Сакура останавливается в середине поля, прямо над тем местом, где должна располагаться кухня, с опаской глядя на землю. В такие моменты Итачи всегда был рядом, но куноичи знает, что Пейн и Конан добавили ее сигнатуру, чтобы она без проблем могла преодолеть барьер. Тем не менее, ирьенин испытывает мгновение оцепенелого трепета, когда зажмуривает глаза и изо всех сил концентрируется, а затем…

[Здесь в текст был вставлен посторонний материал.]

theorem theorem1:
  fixes X Z :: "'a::real_normed_vector set"
    and M :: "'a measure"
    and q :: "'a \<Rightarrow> 'a \<Rightarrow> real"
    and p :: "'a \<Rightarrow> real"
    and x :: 'a
    and \<epsilon> c :: real
    and N :: nat
  assumes M_sets: "sets M = sets (restrict_space borel Z)"
    and x_in: "x \<in> X"
    and eps_nonneg: "\<epsilon> \<ge> 0"
    and q_meas: "\<And>x'. x' \<in> X \<Longrightarrow> q x' \<in> borel_measurable M"
    and q_pos: "\<And>x' z. x' \<in> X \<Longrightarrow> z \<in> Z \<Longrightarrow> q x' z > 0"
    and q_dens: "\<And>x'. x' \<in> X \<Longrightarrow> (\<integral>\<^sup>+ z. ennreal (q x' z) \<partial>M) = 1"
    and ldp: "eps_LDP \<epsilon> X Z q"
    and p_meas: "p \<in> borel_measurable M"
    and p_pos: "\<And>z. z \<in> Z \<Longrightarrow> p z > 0"
    and p_dens: "(\<integral>\<^sup>+ z. ennreal (p z) \<partial>M) = 1"
    and ratio: "\<And>x' z. x' \<in> X \<Longrightarrow> z \<in> Z \<Longrightarrow> \<bar>ln (q x' z / p z)\<bar> \<le> \<epsilon>"
    and fourth_moment: "integrable M (\<lambda>z. norm (z - x) ^ 4 * q x z)"
    and c_nonneg: "c \<ge> 0"
    and N_def: "real N = 2 powr ((log 2 (exp 1) + 4 * c) * \<epsilon>)"
  shows "let \<alpha> = sqrt (2 powr (- c * \<epsilon>) + 2 powr (- (c ^ 2) / log 2 (exp 1) + 1))
         in measure (candidates N M p)
              {zs \<in> space (candidates N M p).
                 \<bar>mrc_expect N q p x zs (\<lambda>z. norm (z - x) ^ 2)
                   - mech_expect M q x (\<lambda>z. norm (z - x) ^ 2)\<bar>
                 \<le> 2 * \<alpha> * sqrt (mech_expect M q x (\<lambda>z. norm (z - x) ^ 4)) / (1 - \<alpha>)}
            \<ge> 1 - 2 * \<alpha>"
proof -
  define \<alpha> where "\<alpha> = sqrt (2 powr (- c * \<epsilon>) + 2 powr (- (c ^ 2) / log 2 (exp 1) + 1))"
  have space_M: "space M = Z"
    using sets_eq_imp_space_eq[OF M_sets] by (simp add: space_restrict_space)
  interpret importance_sampling M p "q x" \<epsilon>
    using p_meas q_meas[OF x_in] p_pos q_pos[OF x_in] p_dens q_dens[OF x_in] ratio[OF x_in]
    by (intro importance_samplingI_abs_ln_le) (auto simp: space_M)
  show ?thesis
  proof (cases "\<alpha> < 1")
    case False
    then show ?thesis
      unfolding \<alpha>_def[symmetric] Let_def by (intro order_trans[OF _ measure_nonneg]) simp
  next
    case True
    have "exp \<epsilon> \<le> real N * \<alpha> ^ 3"
      unfolding \<alpha>_def using eps_nonneg c_nonneg N_def by (intro exp_le_candidate_count_mult_cube) auto
    moreover have [measurable]: "(\<lambda>z. norm (z - x) ^ 2) \<in> borel_measurable M"
      unfolding measurable_cong_sets[OF M_sets refl]
      by (intro measurable_restrict_space1 borel_measurable_continuous_onI continuous_intros)
    moreover have "integrable M (\<lambda>z. (norm (z - x) ^ 2)\<^sup>2 * q x z)"
      using fourth_moment by (simp add: power_mult[symmetric])
    ultimately show ?thesis
      using self_normalized_estimate_prob_ge[of "\<lambda>z. norm (z - x) ^ 2" N \<alpha>] True
      unfolding Let_def \<alpha>_def[symmetric] candidates_def
      by (simp add: mrc_expect_eq_ratio mrc_weight_def mech_expect_def power_mult[symmetric])
  qed
qed

end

Возникает странное покалывание по всей длине позвоночника и внезапное, ошеломляющее ощущение головокружения. В течение секунды Харуно заставляет себя открыть глаза, смутно отметив, что прислоняется к стене, чтобы сохранить равновесие, и не видит ничего, кроме туманных, плавающих фиолетовых пятен, контрастирующих на фоне кромешной тьмы.
— Сакура.
Голос мягкий, безмятежный и знакомый. Зрение Сакуры проясняется, и Конан уже вкладывает ей в руки теплую чашку с чем-то ароматным и дымящимся. Правая рука Лидера одаривает гостью нежной улыбкой, будто нисколько не удивлена, став свидетельницей внезапного и импровизированного возвращения пропавшей участницы организации, с которой стекает целая река воды и мерзкой грязи на чистые полы из темного дерева.
— Спасибо, — бормочет ирьенин, смущенно встречаясь взглядом с Конан. — Я…

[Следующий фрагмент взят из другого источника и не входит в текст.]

lemma drift_tau_at_root: "(\<Sum>c\<in>{0..<k}. drift \<tau> root c) = p 1"
proof -
  have "(\<Sum>c\<in>{0..<k}. drift \<tau> root c) =
      real (card {1..d div 2}) * 0 + p 1 + (real k - 2 - real (card {1..d div 2})) * 0"
  proof (rule sum_colours_by_class[where C = C and a = B and b = A])
    show "drift \<tau> root c = 0" if "c < k" "c \<noteq> B" "c \<noteq> A" "c \<notin> C ` {1..d div 2}" for c
      using drift_tau_root_other[OF that(2,4)] that(3) by simp
  qed (use colours in \<open>auto simp: valid_colors_def flip_drift_self[of V E p potential \<tau> root, simplified]
        drift_root_block_colour drift_tau_root_other[OF root_colours(3) root_colours_not_block(1)]\<close>)
  then show ?thesis by simp
qed

lemma drift_tau_on_branch:
  assumes i: "1 \<le> i" "i \<le> d"
  shows "(\<Sum>t\<in>{1..3}. \<Sum>c\<in>{0..<k}. drift \<tau> (i, t) c) = - 2 * p 3"
proof -
  have "(\<Sum>c\<in>{0..<k}. drift \<tau> (i, 1) c) = drift \<tau> (i, 1) A + drift \<tau> (i, 1) B"
  proof (rule sum_colours_two_support)
    show "drift \<tau> (i, 1) c = 0" if "c < k" "c \<noteq> A" "c \<noteq> B" for c
      using that i flip_drift_self[of V E p potential \<tau> "(i, 1)"] drift_tau_first_other[OF i, of c]
      by (cases "c = C (block i)") auto
  qed simp_all
  moreover have "(\<Sum>c\<in>{0..<k}. drift \<tau> (i, t) c) = - 2 * p 3 / 3" if t: "t = 2 \<or> t = 3" for t
  proof -
    have "(\<Sum>c\<in>{0..<k}. drift \<tau> (i, t) c) = drift \<tau> (i, t) (C (block i)) + drift \<tau> (i, t) A"
      using i t drift_tau_leaf_other[OF i t] by (intro sum_colours_two_support) auto
    then show ?thesis
      using i t flip_drift_self[of V E p potential \<tau> "(i, t)"] drift_tau_components[OF i t] by auto
  qed
  ultimately show ?thesis
    unfolding sum_1_3 using i drift_tau_components[OF i, of 2] drift_tau_branch[OF i] by simp
qed

lemma total_drift_tau: "total_drift V E k p potential \<tau> = p 1 - 2 * real d * p 3"
proof -
  have "(\<Sum>i\<in>{1..d}. \<Sum>t\<in>{1..3}. \<Sum>c\<in>{0..<k}. drift \<tau> (i, t) c) = (\<Sum>i\<in>{1..d}. - 2 * p 3)"
    by (rule sum.cong[OF refl], rule drift_tau_on_branch) auto
  then show ?thesis
    by (simp add: total_drift_V drift_tau_at_root)
qed

end

lemma contracting_coupling_imp_bound:
  assumes "contracting_coupling V E k p \<sigma> \<tau>" "\<forall>\<alpha>. 0 \<le> p \<alpha> \<and> p \<alpha> \<le> 1"
  shows "(real d + real (d div 2) - real k) * p 1 + 2 * real d * p 3 < 0"
proof -
  have "total_drift V E k p potential \<sigma> < total_drift V E k p potential \<tau>"
  proof (rule contracting_coupling_imp_drift_less[OF assms(1) _ _ _ assms(2) potential_Lipschitz])
    show "finite V" "V \<noteq> {}" "k > 0"
      using finite_Vpath[of d 3] root_in_Vpath[of d 3] root_colours(1) unfolding V_eq by (blast, blast, linarith)
  qed (simp add: potential_sigma potential_tau)
  then show ?thesis
    by (simp add: total_drift_sigma total_drift_tau algebra_simps)
qed

end

theorem lemma3p5:
  fixes d k :: nat and a b :: "nat \<Rightarrow> nat" and c :: "nat \<Rightarrow> nat \<Rightarrow> nat"
  assumes "even d"
    and "real k < 11 / 6 * real d"
    and "valid_colors k (d div 2) (a 1) (b 1) (c 1)"
    and "\<forall>m\<in>{2, 3, 4}. valid_colors k d (a m) (b m) (c m)"
  shows "\<not> (\<exists>p :: nat \<Rightarrow> real. (\<forall>\<alpha>. 0 \<le> p \<alpha> \<and> p \<alpha> \<le> 1) \<and>
            contracting_coupling (V1 d) (E1 d) k p
              (col1 (a 1) (a 1) (c 1)) (col1 (b 1) (a 1) (c 1)) \<and>
            (\<forall>m\<in>{2, 3, 4}. contracting_coupling (Vpath d m) (Epath d m) k p
              (colpath (a m) (a m) (c m)) (colpath (b m) (a m) (c m))))"
proof (rule notI, elim exE conjE)
  fix p :: "nat \<Rightarrow> real"
  assume p: "\<forall>\<alpha>. 0 \<le> p \<alpha> \<and> p \<alpha> \<le> 1"
    and coupling1: "contracting_coupling (V1 d) (E1 d) k p (col1 (a 1) (a 1) (c 1)) (col1 (b 1) (a 1) (c 1))"
    and couplings: "\<forall>m\<in>{2, 3, 4}. contracting_coupling (Vpath d m) (Epath d m) k p
      (colpath (a m) (a m) (c m)) (colpath (b m) (a m) (c m))"
  interpret G1: pair_G1 d k "a 1" "b 1" "c 1"
    using assms(1,3) by unfold_locales
  interpret G2: pair_G2 d k "a 2" "b 2" "c 2"
    using assms(4) by unfold_locales simp
  have "(real d + real (d div 2) - real k) * p 1 + 2 * real d * p 3 < 0"
    by (rule G1.contracting_coupling_imp_bound[OF coupling1 p])
  moreover have "(2 * real d - real k) * p 1 - real d * p 3 < 0"
    using G2.contracting_coupling_imp_bound couplings p by simp
  moreover have "(11 / 2 * real d - 3 * real k) * p 1 =
      ((real d + real (d div 2) - real k) * p 1 + 2 * real d * p 3) + 2 * ((2 * real d - real k) * p 1 - real d * p 3)"
    using \<open>even d\<close> by (auto elim!: evenE simp: algebra_simps)
  moreover have "0 \<le> (11 / 2 * real d - 3 * real k) * p 1"
    using assms(2) p by simp
  ultimately show False
    by argo
qed

end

— Я знала, что ты вернешься, — заявляет основательница Акацуки в своей обычной спокойной, безапелляционной манере. Посчитав, что Сакура относительно устойчиво стоит на ногах, она отступает назад, возвращаясь к плите, где, по-видимому, была занята до этого. — Онигири с умебоши, я полагаю? Ты, должно быть, невероятно голодна.
Сакура ставит чашку с апельсиновым чаем на столешницу, рассеянная и неспособная уделить даже самое короткое мгновение, чтобы насладиться долгожданным теплом и сухостью кухни. Она не испытывала ничего подобного за последние пять дней. — Конан, прости, но мне нужно увидеть Итачи…
Внезапно что-то холодное и стальное упирается ей в спину, и каждый мускул в измученном теле ирьенина напрягается, после чего она медленно поворачивается.
— Кисаме, пожалуйста, — бормочет Конан, не отрываясь от тщательного приготовления риса так, как любит Сакура. — Избавь нас от очередного спектакля. Она и так достаточно натерпелась.
— Чушь собачья, — рычит Хошигаки, однако тянет Самехаду назад, хотя и неохотно. Он свирепо смотрит на розоволосую куноичи, которая спокойно встречает его взгляд, не испуганная ростом почти в два с половиной фута. У девушки было много времени подумать по дороге сюда, и она предполагала подобное развитие событий. За последние два года у них с Кисаме сложилась своего рода дружба… Но отношения Кисаме с Итачи бесконечно крепче, о чем Харуно всегда знала.
Они оценивают друг друга в течение нескольких долгих мгновений, прежде чем Кисаме, наконец, заговорил. — Какого черта ты так долго, куноичи? — Грубо спрашивает он. — Неужто, ты думаешь, что можешь вернуться после того, что натворила…
— Я совершила ошибку, — шипит в ответ Сакура, выпрямляясь во весь рост. — Я не собираюсь за это извиняться, но я смирилась со своей жизнью и сделала свой выбор. А теперь дай мне пройти.
Хошигаки оценивающе оглядывает девушку, которая с удовлетворением видит, как расширяются его глаза, заметив отсутствие протектора Конохи, закрепленного в волосах или на лбу. — Все с тобой ясно, — наконец комментирует шиноби, все еще выглядя несколько ошеломленным.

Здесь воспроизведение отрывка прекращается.